Излив на детей родник любви, переполнявшей ее сердце, Юлия каждого из них подозвала в отдельности; особенно долго держала она возле себя Генриетту и осыпала ее поцелуями, на которые девочка отвечала, стеная и плача, а затем Юлия попросила подвести к ней всех троих, благословила их и, указывая на госпожу д'Орб, сказала: «Вот, детки, ваша вторая мать, сам господь дает ее вам, он не оставил вас сиротами; ступайте бросьтесь к ее ногам». И тотчас дети подбегают к Кларе, становятся перед ней на колени, цепляются за ее руки, называя ее маменькой, второй своей матерью. Клара наклонилась к ним, схватила их в объятия, но тщетно пыталась заговорить: из уст ее вырывались лишь стенания, она задыхалась от слез и не могла произнести ни слова. Судите сами, как была взволнована Юлия. Сцена становилась слишком тяжелой. Я постарался прекратить ее.

Когда миновала минута умиления, все собрались у постели больной, началась беседа, и хотя Юлия опять ослабела и не было в ней прежнего оживления, ее черты, как и раньше, выражали удовлетворенность; обо всем она говорила с интересом, слушала внимательно, что доказывало полную свободу ее души от горестных забот; ничто от нее не ускользало, она всецело отдавалась разговору, словно больше ей нечего было делать; чтоб не расставаться с нами ни на минуту, она предложила нам пообедать в ее спальне; вы, конечно, понимаете, что отказ был просто невозможен. На стол накрыли без шума, без суеты, все шло в таком прекрасном порядке, будто Юлия угощала нас в «триклинии Аполлона». Дети и Фаншона сидели с нами за столом. Видя, что ни у кого нет аппетита, Юлия сумела заставить нас попробовать всего понемногу, – то, словно желая проверить, удалось ли кушанье кухарке, то якобы намереваясь узнать от нас, стоит ли ей самой отведать его, то убеждая нас поесть ради собственного здоровья, которое нам необходимо для того, чтобы ухаживать за ней; и постоянно она показывала нам, какое большое удовольствие мы доставляем ей, принимаясь за еду.

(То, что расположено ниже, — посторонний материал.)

theorem lemma4:
  fixes g n :: nat and p :: "nat \<Rightarrow> nat \<Rightarrow> real" and T :: "nat set"
  assumes "g \<ge> 1" and "n \<ge> 1"
    and "\<And>t t'. 1 \<le> t' \<Longrightarrow> t' < t \<Longrightarrow> 0 < p t t' \<and> p t t' < 1"
    and "T \<in> paths n"
  shows "\<exists>That \<in> paths n. mweight (phat g p) n That > 0 \<and> covers That T \<and>
           nsw T \<le> nsw That \<and>
           real (nsw That) \<le> (real (nsw T) + 1) * Lbound g (nsw T) n - 1"
proof -
  define k where "k = nat \<lfloor>log 2 (real g + 1)\<rfloor>"
  have "T \<subseteq> {1<..<n + 1}" using assms(4) unfolding paths_def by auto
  then obtain S ps where S: "T \<subseteq> S" "S \<subseteq> {1<..<n + 1}" "survives g 1 S (n + 1)"
    and ps: "length ps = card T + 1" "sum_list (map fst ps) = n"
      "\<forall>(d, j)\<in>set ps. 0 < d \<and> fits k j d"
    and card: "card S \<le> card T + sum_list (map snd ps)"
    using survives_cover[of k g 1 "n + 1" T] floor_log_exponent[OF assms(1)] assms(2)
    unfolding k_def by auto
  have "S \<subseteq> {2..n}" using S(2) by auto
  moreover have "card T \<le> card S" using S(1) \<open>S \<subseteq> {2..n}\<close> by (simp add: card_mono finite_subset)
  moreover have "real (card S) \<le> (real (card T) + 1) * Lbound g (card T) n - 1"
    using points_le_Lbound[OF assms(1) k_def ps] card by linarith
  ultimately show ?thesis
    using survives_imp_mweight_pos[OF S(3) assms(3)] S(1)
    unfolding paths_def covers_def nsw_def by auto
qed

end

Ну, как тут можно было отказаться? – да еще она вкладывала столько веселости в свои речи, что отвлекала нас от печального предмета, занимавшего мысли наши. Словом, самая разумная хозяйка дома, пользуясь цветущим здоровьем и желая оказать внимание гостям, не могла бы проявить больше приветливости, любезности, заботливости, чем проявила их умирающая Юлия, когда угощала свою семью. Не осуществлялись мои предвидения, казалось бы, вполне вероятные, а то, что я видел, не укладывалось в моей голове. Я не знал, что и подумать, я уже ничего не мог понять.

После обеда доложили, что пришел священник. Он зашел запросто, как друг дома, – он бывал у нас очень часто. Хоть я и не посылал за ним, потому что Юлия не просила меня об этом, – признаюсь, меня крайне обрадовал его приход: полагаю, что и горячо верующий человек не был бы так рад видеть священника при подобных обстоятельствах. Ведь он мог разрешить многие мои сомнения и вывести из довольно странного замешательства.

Вспомните, какая причина побудила меня открыть Юлии, что смерть ее близка. По-моему, весть эта должна была оказать вполне определенное действие, и для меня непостижимым было то впечатление, какое она произвела в действительности. Как! Женщина благочестивая, которая ни одного дня не могла провести без уединенной молитвы и для которой молитва была одной из первых радостей существования, умирает, ей жить осталось не больше двух дней; она полагает, что после кончины своей предстанет перед грозным судией; но, вместо того чтобы подготовиться к сему страшному мгновению, вместо того чтобы привести в порядок свою совесть, она тешит себя совсем иными заботами: украшает свою спальню, принарядилась, беседует с близкими, старается развлекать их за трапезой; и во всех ее речах нет ни слова о боге, о спасении души! Что же я должен думать о ней и об истинных ее чувствах? Совместимы ли подобные поступки с моим представлением о ее благочестии? Как согласовать ее поведение в последние минуты жизни с ее словами, когда она говорила врачу, что эти минуты дороги ей? На мой взгляд, все это представляло необъяснимую загадку. Конечно, я не ожидал найти у нее ханжеского кривлянья богомолок, но мне все же казалось, что ей пора подумать о том, что для нее так много значило и уже не терпело никаких отлагательств. Если человек пронес свою набожность через всю земную суету, разве может он измениться в минуту расставания с жизнью, когда ему остается думать лишь об ином мире?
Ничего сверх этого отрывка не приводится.